Twenty Year Punchline

| Friendly | October 7, 2015

(I do contract work for two guys who run a small company. One is a native Swede. The three of us are having a business lunch. The other partner says something about him being Swedish.)

Me: “Hey, [Swedish Owner], tell us a Swedish joke.”

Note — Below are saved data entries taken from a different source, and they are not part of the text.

(* Let $\phi$ and $\Phi$ denote the standard normal density and distribution function. Let $\mathbf{x}$ be a $p$-dimensional covariate vector whose support $\mathcal{X}\subseteq\mathbb{R}^p$ contains a nonempty open set of $\mathbb{R}^p$. Let $b_0,\tilde b_0\in\mathbb{R}$, $\boldsymbol\beta,\tilde{\boldsymbol\beta}\in\mathbb{R}^p$, $\lambda,\tilde\lambda\in\mathbb{R}$, and let $Q,\tilde Q$ be probability distribution functions on $(0,\infty)$. Suppose that for all $\mathbf{x}\in\mathcal{X}$ and almost all $t>0$, $$\int_0^\infty \frac{2}{\sigma}\,\phi\!\left(\frac{\log t-b_0-\mathbf{x}^\top\boldsymbol\beta}{\sigma}\right)\Phi\!\left(\lambda\,\frac{\log t-b_0-\mathbf{x}^\top\boldsymbol\beta}{\sigma}\right)dQ(\sigma)=\int_0^\infty \frac{2}{\sigma}\,\phi\!\left(\frac{\log t-\tilde b_0-\mathbf{x}^\top\tilde{\boldsymbol\beta}}{\sigma}\right)\Phi\!\left(\tilde\lambda\,\frac{\log t-\tilde b_0-\mathbf{x}^\top\tilde{\boldsymbol\beta}}{\sigma}\right)d\tilde Q(\sigma).$$ Then $(b_0,\boldsymbol\beta^\top,\lambda,Q)=(\tilde b_0,\tilde{\boldsymbol\beta}^\top,\tilde\lambda,\tilde Q)$.
   Context: This is the identifiability of the accelerated failure time model $\log T=b_0+\mathbf{x}^\top\boldsymbol\beta+\epsilon$ in which, given $\mathbf{x}$, $\epsilon$ has the skew-normal scale mixture density $f(\epsilon)=\int_0^\infty \frac{2}{\sigma}\phi(\epsilon/\sigma)\Phi(\lambda\epsilon/\sigma)\,dQ(\sigma)$, with slant parameter $\lambda$ and an unspecified mixing (latent) distribution $Q$ of the scale $\sigma$ on $(0,\infty)$. *)

theory Defs
  imports "HOL-Probability.Probability"
begin

definition Phi :: "real \<Rightarrow> real" where
  "Phi x = (LBINT y:{..x}. std_normal_density y)"

definition sn_mix_density :: "real measure \<Rightarrow> real \<Rightarrow> real \<Rightarrow> ennreal" where
  "sn_mix_density Q lam e =
     (\<integral>\<^sup>+ \<sigma>. ennreal (2 / \<sigma> * std_normal_density (e / \<sigma>) * Phi (lam * (e / \<sigma>))) \<partial>Q)"

definition scale_mixing_dist :: "real measure \<Rightarrow> bool" where
  "scale_mixing_dist Q \<longleftrightarrow> prob_space Q \<and> sets Q = sets borel \<and> emeasure Q {0<..} = 1"

end

(*
  Testing a skew-normal scale mixture density against the even functions 1 + s cos(t e) removes
  the skewing factor, because Phi(lam x) + Phi(-lam x) = 1, and leaves 1 + s E_Q exp(-(t sigma)^2/2).
  After the substitution u = ln t the hypothesis says that, for each x, the mixtures located at
  b0 + x.beta and b0' + x.beta' agree almost everywhere. If these locations differed by d, testing
  with t = pi/d would turn cos into -cos and give 1 + c = 1 - c' with c, c' > 0; so they agree, and
  two affine functions that agree on an open set coincide. Once the locations are equal, the mass
  of (0, infinity), which is strictly increasing in lam, identifies lam, and the numbers
  E_Q exp(-k sigma^2) are the moments of the image of Q under sigma |-> exp(-sigma^2). That image
  lives on [0,1], so its moments determine its characteristic function and hence the image itself;
  the map is injective on (0, infinity), which identifies Q.
*)

theory Submission
  imports Defs
begin

lemma integrable_std_normal_density: "integrable lborel std_normal_density"
  using integrable_normal_moment[of 1 0 0] by simp

lemma integrable_indicator_std_normal_density:
  "A \<in> sets borel \<Longrightarrow> integrable lborel (\<lambda>y. indicator A y * std_normal_density y)"
  by (rule Bochner_Integration.integrable_bound[OF integrable_std_normal_density])
     (auto simp: indicator_def)

lemma Phi_eq_integral: "Phi x = (\<integral>y. indicator {..x} y * std_normal_density y \<partial>lborel)"
  by (simp add: Phi_def set_lebesgue_integral_def)

lemma Phi_nonneg: "0 \<le> Phi x"
  unfolding Phi_eq_integral by (intro integral_nonneg_AE) auto

lemma Phi_mono: "x \<le> y \<Longrightarrow> Phi x \<le> Phi y"
  unfolding Phi_eq_integral
  by (intro integral_mono integrable_indicator_std_normal_density) (auto simp: indicator_def)

lemma borel_measurable_Phi [measurable]: "Phi \<in> borel_measurable borel"
  by (rule borel_measurable_mono) (simp add: mono_def Phi_mono)

lemma Phi_minus: "Phi (- x) = 1 - Phi x"
proof -
  have "Phi (- x) = (\<integral>y. indicator {..-x} (- y) * std_normal_density (- y) \<partial>lborel)"
    unfolding Phi_eq_integral
    using lborel_integral_real_affine[of "-1" "\<lambda>y. indicator {..-x} y * std_normal_density y" 0]
    by simp
  also have "\<dots> = (\<integral>y. indicator {x..} y * std_normal_density y \<partial>lborel)"
    by (intro Bochner_Integration.integral_cong) (auto simp: indicator_def std_normal_density_def)
  finally have "Phi x + Phi (- x)
      = (\<integral>y. indicator {..x} y * std_normal_density y + indicator {x..} y * std_normal_density y \<partial>lborel)"
    unfolding Phi_eq_integral
    by (simp add: integrable_indicator_std_normal_density)
  also have "\<dots> = (\<integral>y. std_normal_density y \<partial>lborel)"
    using AE_lborel_singleton[of x] by (intro integral_cong_AE) (auto simp: indicator_def)
  finally show ?thesis by simp
qed

lemma Phi_strict_mono: "strict_mono Phi"
proof (rule strict_monoI)
  fix x y :: real assume "x < y"
  define I where "I = (\<integral>z. indicator {x<..y} z * std_normal_density z \<partial>lborel)"
  have "Phi y = (\<integral>z. indicator {..x} z * std_normal_density z + indicator {x<..y} z * std_normal_density z \<partial>lborel)"
    unfolding Phi_eq_integral
    by (intro Bochner_Integration.integral_cong) (use \<open>x < y\<close> in \<open>auto simp: indicator_def\<close>)
  then have "Phi y = Phi x + I"
    unfolding Phi_eq_integral I_def
    by (simp add: integrable_indicator_std_normal_density)
  moreover have "I \<noteq> 0"
  proof
    assume "I = 0"
    then have "AE z in lborel. indicator {x<..y} z * std_normal_density z = 0"
      unfolding I_def
      by (subst (asm) integral_nonneg_eq_0_iff_AE) (auto intro!: integrable_indicator_std_normal_density)
    moreover have "std_normal_density z \<noteq> 0" for z
      using normal_density_pos[of 1 0 z] by simp
    ultimately have "AE z in lborel. z \<notin> {x<..y}"
      by (auto elim!: eventually_mono simp: indicator_def split: if_splits)
    then have "emeasure lborel {x<..y} = 0"
      by (subst (asm) AE_iff_measurable[of "{x<..y}"]) auto
    with \<open>x < y\<close> show False by simp
  qed
  moreover have "0 \<le> I"
    unfolding I_def by (intro integral_nonneg_AE) auto
  ultimately show "Phi x < Phi y" by linarith
qed

definition skew_normal_density :: "real \<Rightarrow> real \<Rightarrow> real" where
  "skew_normal_density lam x = 2 * std_normal_density x * Phi (lam * x)"

lemma skew_normal_density_nonneg: "0 \<le> skew_normal_density lam x"
  by (simp add: skew_normal_density_def Phi_nonneg)

lemma borel_measurable_skew_normal_density [measurable]:
  "skew_normal_density lam \<in> borel_measurable borel"
  unfolding skew_normal_density_def by measurable

lemma nn_integral_skew_normal_density_even:
  assumes [measurable]: "g \<in> borel_measurable borel" and even: "\<And>x. g (- x) = g x"
  shows "(\<integral>\<^sup>+x. ennreal (g x * skew_normal_density lam x) \<partial>lborel)
       = (\<integral>\<^sup>+x. ennreal (g x * std_normal_density x) \<partial>lborel)"
proof -
  define G where "G l = (\<integral>\<^sup>+x. ennreal (g x * skew_normal_density l x) \<partial>lborel)" for l
  have "G lam = G (- lam)"
    unfolding G_def using even
    by (subst nn_integral_real_affine[where c="-1" and t=0])
       (auto simp: skew_normal_density_def std_normal_density_def)
  moreover have "G lam + G (- lam) = (\<integral>\<^sup>+x. 2 * ennreal (g x * std_normal_density x) \<partial>lborel)"
    unfolding G_def
  proof (subst nn_integral_add[symmetric], simp_all, intro nn_integral_cong)
    fix x
    have "skew_normal_density lam x + skew_normal_density (- lam) x = 2 * std_normal_density x"
      by (simp add: skew_normal_density_def Phi_minus algebra_simps)
    then show "ennreal (g x * skew_normal_density lam x) + ennreal (g x * skew_normal_density (- lam) x)
             = 2 * ennreal (g x * std_normal_density x)"
      by (simp add: ennreal_mult'' skew_normal_density_nonneg flip: distrib_left ennreal_plus)
         (simp add: ennreal_mult'' mult_ac)
  qed
  ultimately have "2 * G lam = 2 * (\<integral>\<^sup>+x. ennreal (g x * std_normal_density x) \<partial>lborel)"
    by (simp add: nn_integral_cmult flip: mult_2)
  then show ?thesis
    unfolding G_def by (simp add: ennreal_mult_cancel_left)
qed

lemma integral_std_normal_density_cos:
  "(\<integral>x. std_normal_density x * cos (c * x) \<partial>lborel) = exp (- c\<^sup>2 / 2)"
proof -
  have "integrable lborel (\<lambda>x. std_normal_density x *\<^sub>R iexp (c * x))"
    by (rule Bochner_Integration.integrable_bound[OF integrable_std_normal_density]) (auto simp: norm_mult)
  then have "(\<integral>x. std_normal_density x * cos (c * x) \<partial>lborel)
      = Re (CLINT x|lborel. std_normal_density x *\<^sub>R iexp (c * x))"
    by (subst integral_bounded_linear[symmetric, OF bounded_linear_Re]) (simp_all add: Re_exp)
  also have "(CLINT x|lborel. std_normal_density x *\<^sub>R iexp (c * x)) = char std_normal_distribution c"
    unfolding char_def by (subst integral_density) auto
  finally show ?thesis
    by (simp add: char_std_normal_distribution)
qed

lemma nn_integral_cos_skew_normal_density:
  assumes "\<bar>s\<bar> \<le> 1"
  shows "(\<integral>\<^sup>+x. ennreal ((1 + s * cos (c * x)) * skew_normal_density lam x) \<partial>lborel)
       = ennreal (1 + s * exp (- c\<^sup>2 / 2))"
proof -
  have cos_integrable: "integrable lborel (\<lambda>x. std_normal_density x * cos (c * x))"
    by (rule Bochner_Integration.integrable_bound[OF integrable_std_normal_density])
       (auto simp: abs_mult intro!: mult_left_le)
  have "\<bar>s * cos (c * x)\<bar> \<le> 1" for x
    using assms by (simp add: abs_mult mult_le_one)
  then have nonneg: "0 \<le> 1 + s * cos (c * x)" for x
    by (smt (verit))
  then have "(\<integral>\<^sup>+x. ennreal ((1 + s * cos (c * x)) * std_normal_density x) \<partial>lborel)
      = ennreal (\<integral>x. (1 + s * cos (c * x)) * std_normal_density x \<partial>lborel)"
    using cos_integrable integrable_std_normal_density
    by (intro nn_integral_eq_integral AE_I2 mult_nonneg_nonneg nonneg) (auto simp: algebra_simps)
  also have "(\<integral>x. (1 + s * cos (c * x)) * std_normal_density x \<partial>lborel)
      = (\<integral>x. std_normal_density x \<partial>lborel) + s * (\<integral>x. std_normal_density x * cos (c * x) \<partial>lborel)"
    using cos_integrable integrable_std_normal_density by (simp add: algebra_simps)
  also have "\<dots> = 1 + s * exp (- c\<^sup>2 / 2)"
    by (simp add: integral_std_normal_density_cos)
  finally show ?thesis
    by (subst nn_integral_skew_normal_density_even) auto
qed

Swedish Owner: *after a short pause tells us a joke in Swedish, then silence follows*

Other Owner: “Okay, what’s that mean?”

Swedish Owner: “Okay, we have a sort of redneck culture in Sweden that is the butt of many jokes. Two girls in the culture are bored. One says, ‘What shall we do today?’ The other says ‘Let’s go see the American ships at the harbor.’ ‘Good idea,’ says the other. They go to the harbor and start climbing up the rope ladder to one of the ships. The girl below looks up and says, ‘Helga! You’re not wearing any panties!’ Helga says, ‘You don’t put cotton in your ears when you go to a concert, do you?'”

(20 years later, I’m a successful programmer, entrepreneur and teacher… and 1500 miles from where I knew these owners. I’m teaching a private class at a major airline. I’ve gone through two security checkpoints to get to the building where I’m teaching. In the lobby, I see a man lounging. I do a double-take. Can’t be, but I ask:)

Me: “[Swedish Owner]?”

Swedish Owner: “Yes?” *looks at me suspiciously*

Me: “It’s me! Do you remember me? 20 years ago? Kid programmer?”

Swedish Owner: *looks closer* “Yes, wow.”

Me: “What are you doing here? Do you work here?”

Swedish Owner: “No, I’m working for [Airline] in France. I was just passing through.

I’m surprised you remember me.”

Me: “I could never forget the Swedish joke!”